*** Records to process ***

lemma le_Hoelder_bound_of_Young_bounds:
  fixes x W V p q :: real
  assumes W: "0 \<le> W" and V: "0 \<le> V" and q: "1 < q" and p: "p = q / (q - 1)"
    and bound: "\<And>l. 0 < l \<Longrightarrow> x \<le> l * W / p + V / (q * l powr (q - 1))"
  shows "x \<le> W powr (1/p) * V powr (1/q)"
proof -
  have p0: "0 < p" unfolding p using q by simp
  consider "W = 0" | "0 < W" "V = 0" | "0 < W" "0 < V" using W V by fastforce
  then show ?thesis
  proof cases
    case 1
    have "x \<le> 0 + e" if e: "0 < e" for e
    proof (cases "V = 0")
      case True
      then show ?thesis using bound[of 1] 1 e by simp
    next
      case False
      define l where "l = (V / (q * e)) powr (1 / (q - 1))"
      have "l powr (q - 1) = V / (q * e)"
        using False V q e by (simp add: l_def powr_powr)
      then show ?thesis
        using bound[of l] 1 False V q e by (simp add: l_def)
    qed
    then show ?thesis using 1 p0 field_le_epsilon[of x 0] by simp
  next
    case 2
    have "x \<le> 0 + e" if "0 < e" for e
      using bound[of "e * p / W"] 2 that p0 by simp
    then show ?thesis using 2 q field_le_epsilon[of x 0] by simp
  next
    case 3
    then show ?thesis
      using bound[of "(V / W) powr (1/q)"] Young_bound_at_optimal_scale[OF 3 q p] by simp
  qed
qed

lemma abs_integral_weighted_le_Hoelder:
  fixes w g h :: "real \<Rightarrow> real" and S :: "real set" and W V p q :: real
  assumes W: "((\<lambda>x. \<bar>w x\<bar>) has_integral W) S"
    and V: "((\<lambda>x. \<bar>w x\<bar> * h x) has_integral V) S"
    and wg: "(\<lambda>x. w x * g x) integrable_on S"
    and gh: "\<And>x. x \<in> S \<Longrightarrow> \<bar>g x\<bar> powr q \<le> h x"
    and q: "1 < q" and p: "p = q / (q - 1)"
  shows "\<bar>integral S (\<lambda>x. w x * g x)\<bar> \<le> W powr (1/p) * V powr (1/q)"
proof (rule le_Hoelder_bound_of_Young_bounds[OF _ _ q p])
  show "0 \<le> W" by (rule has_integral_nonneg[OF W]) simp
  show "0 \<le> V"
  proof (rule has_integral_nonneg[OF V])
    fix x assume "x \<in> S"
    then have "0 \<le> h x" using gh[of x] powr_ge_zero[of "\<bar>g x\<bar>" q] by linarith
    then show "0 \<le> \<bar>w x\<bar> * h x" by simp
  qed
  fix l :: real assume l: "0 < l"
  let ?bound = "\<lambda>x. l / p * \<bar>w x\<bar> + \<bar>w x\<bar> * h x / (q * l powr (q - 1))"
  have "(?bound has_integral l / p * W + V / (q * l powr (q - 1))) S"
    by (intro has_integral_add has_integral_mult_right has_integral_divide W V)
  then have bound: "(?bound has_integral l * W / p + V / (q * l powr (q - 1))) S"
    by simp
  have "norm (integral S (\<lambda>x. w x * g x)) \<le> integral S ?bound"
  proof (rule integral_norm_bound_integral[OF wg])
    show "?bound integrable_on S" using bound by blast
    fix x assume x: "x \<in> S"
    have "\<bar>g x\<bar> \<le> l / p + \<bar>g x\<bar> powr q / (q * l powr (q - 1))"
      by (rule Youngs_inequality_param[OF _ l q p]) simp
    also have "\<dots> \<le> l / p + h x / (q * l powr (q - 1))"
      using gh[OF x] q l by (intro add_left_mono divide_right_mono) auto
    finally have "\<bar>w x\<bar> * \<bar>g x\<bar> \<le> \<bar>w x\<bar> * (l / p + h x / (q * l powr (q - 1)))"
      by (rule mult_left_mono) simp
    then show "norm (w x * g x) \<le> ?bound x"
      by (simp add: abs_mult algebra_simps)
  qed
  with bound show "\<bar>integral S (\<lambda>x. w x * g x)\<bar> \<le> l * W / p + V / (q * l powr (q - 1))"
    by (simp add: integral_unique)
qed

lemma trapezoid_error_has_integral:
  fixes f f' :: "real \<Rightarrow> real"
  assumes ab: "a \<le> b" and cont: "continuous_on {a..b} f"
    and f': "\<And>x. x \<in> {a<..<b} \<Longrightarrow> (f has_real_derivative f' x) (at x)"
  shows "((\<lambda>x. (x - (a + b)/2) * f' x) has_integral
           (b - a)/2 * (f a + f b) - integral {a..b} f) {a..b}"
proof -
  let ?c = "(a + b)/2"
  have "((\<lambda>x. f x + (x - ?c) * f' x) has_integral (b - ?c) * f b - (a - ?c) * f a) {a..b}"
  proof (rule fundamental_theorem_of_calculus_interior[OF ab])
    show "continuous_on {a..b} (\<lambda>x. (x - ?c) * f x)" using cont by (intro continuous_intros)
    fix x assume "x \<in> {a<..<b}"
    then have "((\<lambda>x. (x - ?c) * f x) has_real_derivative f x + (x - ?c) * f' x) (at x)"
      by (auto intro!: derivative_eq_intros f')
    then show "((\<lambda>x. (x - ?c) * f x) has_vector_derivative f x + (x - ?c) * f' x) (at x)"
      by (simp add: has_real_derivative_iff_has_vector_derivative)
  qed
  from has_integral_diff[OF this integrable_integral[OF integrable_continuous_interval[OF cont]]]
  have "((\<lambda>x. (x - ?c) * f' x) has_integral (b - ?c) * f b - (a - ?c) * f a - integral {a..b} f) {a..b}"
    by simp
  moreover have "(b - ?c) * f b - (a - ?c) * f a = (b - a)/2 * (f a + f b)"
    by (simp add: field_simps)
  ultimately show ?thesis by simp
qed

lemma s_alpha_m_convex_le_endpoints:
  assumes conv: "s_alpha_m_convex s \<alpha> m {a..b} D g"
    and ab: "a < b" and bm: "b / m \<in> D" and x: "x \<in> {a..b}"
  shows "g x \<le> rpow ((b - x)/(b - a)) (\<alpha> * s) * g a
               + m * (1 - rpow ((b - x)/(b - a)) (\<alpha> * s)) * g (b / m)"
proof -
  define t where "t = (b - x)/(b - a)"
  have t: "t \<in> {0..1}" using x ab by (auto simp: t_def field_simps)
  have "t * (b - a) = b - x" using ab by (simp add: t_def)
  then have "x = t * a + (1 - t) * b" by (simp add: algebra_simps)
  then show ?thesis
    using conv ab bm t unfolding s_alpha_m_convex_def t_def[symmetric] by auto
qed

*** End of Records to process ***

* How to complete this task:
Every entry above needs to be quoted exactly.

* Your solution:
lemma le_Hoelder_bound_of_Young_bounds:
  fixes x W V p q :: real
  assumes W: "0 \<le> W" and V: "0 \<le> V" and q: "1 < q" and p: "p = q / (q - 1)"
    and bound: "\<And>l. 0 < l \<Longrightarrow> x \<le> l * W / p + V / (q * l powr (q - 1))"
  shows "x \<le> W powr (1/p) * V powr (1/q)"
proof -
  have p0: "0 < p" unfolding p using q by simp
  consider "W = 0" | "0 < W" "V = 0" | "0 < W" "0 < V" using W V by fastforce
  then show ?thesis
  proof cases
    case 1
    have "x \<le> 0 + e" if e: "0 < e" for e
    proof (cases "V = 0")
      case True
      then show ?thesis using bound[of 1] 1 e by simp
    next
      case False
      define l where "l = (V / (q * e)) powr (1 / (q - 1))"
      have "l powr (q - 1) = V / (q * e)"
        using False V q e by (simp add: l_def powr_powr)
      then show ?thesis
        using bound[of l] 1 False V q e by (simp add: l_def)
    qed
    then show ?thesis using 1 p0 field_le_epsilon[of x 0] by simp
  next
    case 2
    have "x \<le> 0 + e" if "0 < e" for e
      using bound[of "e * p / W"] 2 that p0 by simp
    then show ?thesis using 2 q field_le_epsilon[of x 0] by simp
  next
    case 3
    then show ?thesis
      using bound[of "(V / W) powr (1/q)"] Young_bound_at_optimal_scale[OF 3 q p] by simp
  qed
qed

lemma abs_integral_weighted_le_Hoelder:
  fixes w g h :: "real \<Rightarrow> real" and S :: "real set" and W V p q :: real
  assumes W: "((\<lambda>x. \<bar>w x\<bar>) has_integral W) S"
    and V: "((\<lambda>x. \<bar>w x\<bar> * h x) has_integral V) S"
    and wg: "(\<lambda>x. w x * g x) integrable_on S"
    and gh: "\<And>x. x \<in> S \<Longrightarrow> \<bar>g x\<bar> powr q \<le> h x"
    and q: "1 < q" and p: "p = q / (q - 1)"
  shows "\<bar>integral S (\<lambda>x. w x * g x)\<bar> \<le> W powr (1/p) * V powr (1/q)"
proof (rule le_Hoelder_bound_of_Young_bounds[OF _ _ q p])
  show "0 \<le> W" by (rule has_integral_nonneg[OF W]) simp
  show "0 \<le> V"
  proof (rule has_integral_nonneg[OF V])
    fix x assume "x \<in> S"
    then have "0 \<le> h x" using gh[of x] powr_ge_zero[of "\<bar>g x\<bar>" q] by linarith
    then show "0 \<le> \<bar>w x\<bar> * h x" by simp
  qed
  fix l :: real assume l: "0 < l"
  let ?bound = "\<lambda>x. l / p * \<bar>w x\<bar> + \<bar>w x\<bar> * h x / (q * l powr (q - 1))"
  have "(?bound has_integral l / p * W + V / (q * l powr (q - 1))) S"
    by (intro has_integral_add has_integral_mult_right has_integral_divide W V)
  then have bound: "(?bound has_integral l * W / p + V / (q * l powr (q - 1))) S"
    by simp
  have "norm (integral S (\<lambda>x. w x * g x)) \<le> integral S ?bound"
  proof (rule integral_norm_bound_integral[OF wg])
    show "?bound integrable_on S" using bound by blast
    fix x assume x: "x \<in> S"
    have "\<bar>g x\<bar> \<le> l / p + \<bar>g x\<bar> powr q / (q * l powr (q - 1))"
      by (rule Youngs_inequality_param[OF _ l q p]) simp
    also have "\<dots> \<le> l / p + h x / (q * l powr (q - 1))"
      using gh[OF x] q l by (intro add_left_mono divide_right_mono) auto
    finally have "\<bar>w x\<bar> * \<bar>g x\<bar> \<le> \<bar>w x\<bar> * (l / p + h x / (q * l powr (q - 1)))"
      by (rule mult_left_mono) simp
    then show "norm (w x * g x) \<le> ?bound x"
      by (simp add: abs_mult algebra_simps)
  qed
  with bound show "\<bar>integral S (\<lambda>x. w x * g x)\<bar> \<le> l * W / p + V / (q * l powr (q - 1))"
    by (simp add: integral_unique)
qed

lemma trapezoid_error_has_integral:
  fixes f f' :: "real \<Rightarrow> real"
  assumes ab: "a \<le> b" and cont: "continuous_on {a..b} f"
    and f': "\<And>x. x \<in> {a<..<b} \<Longrightarrow> (f has_real_derivative f' x) (at x)"
  shows "((\<lambda>x. (x - (a + b)/2) * f' x) has_integral
           (b - a)/2 * (f a + f b) - integral {a..b} f) {a..b}"
proof -
  let ?c = "(a + b)/2"
  have "((\<lambda>x. f x + (x - ?c) * f' x) has_integral (b - ?c) * f b - (a - ?c) * f a) {a..b}"
  proof (rule fundamental_theorem_of_calculus_interior[OF ab])
    show "continuous_on {a..b} (\<lambda>x. (x - ?c) * f x)" using cont by (intro continuous_intros)
    fix x assume "x \<in> {a<..<b}"
    then have "((\<lambda>x. (x - ?c) * f x) has_real_derivative f x + (x - ?c) * f' x) (at x)"
      by (auto intro!: derivative_eq_intros f')
    then show "((\<lambda>x. (x - ?c) * f x) has_vector_derivative f x + (x - ?c) * f' x) (at x)"
      by (simp add: has_real_derivative_iff_has_vector_derivative)
  qed
  from has_integral_diff[OF this integrable_integral[OF integrable_continuous_interval[OF cont]]]
  have "((\<lambda>x. (x - ?c) * f' x) has_integral (b - ?c) * f b - (a - ?c) * f a - integral {a..b} f) {a..b}"
    by simp
  moreover have "(b - ?c) * f b - (a - ?c) * f a = (b - a)/2 * (f a + f b)"
    by (simp add: field_simps)
  ultimately show ?thesis by simp
qed

lemma s_alpha_m_convex_le_endpoints:
  assumes conv: "s_alpha_m_convex s \<alpha> m {a..b} D g"
    and ab: "a < b" and bm: "b / m \<in> D" and x: "x \<in> {a..b}"
  shows "g x \<le> rpow ((b - x)/(b - a)) (\<alpha> * s) * g a
               + m * (1 - rpow ((b - x)/(b - a)) (\<alpha> * s)) * g (b / m)"
proof -
  define t where "t = (b - x)/(b - a)"
  have t: "t \<in> {0..1}" using x ab by (auto simp: t_def field_simps)
  have "t * (b - a) = b - x" using ab by (simp add: t_def)
  then have "x = t * a + (1 - t) * b" by (simp add: algebra_simps)
  then show ?thesis
    using conv ab bm t unfolding s_alpha_m_convex_def t_def[symmetric] by auto
qed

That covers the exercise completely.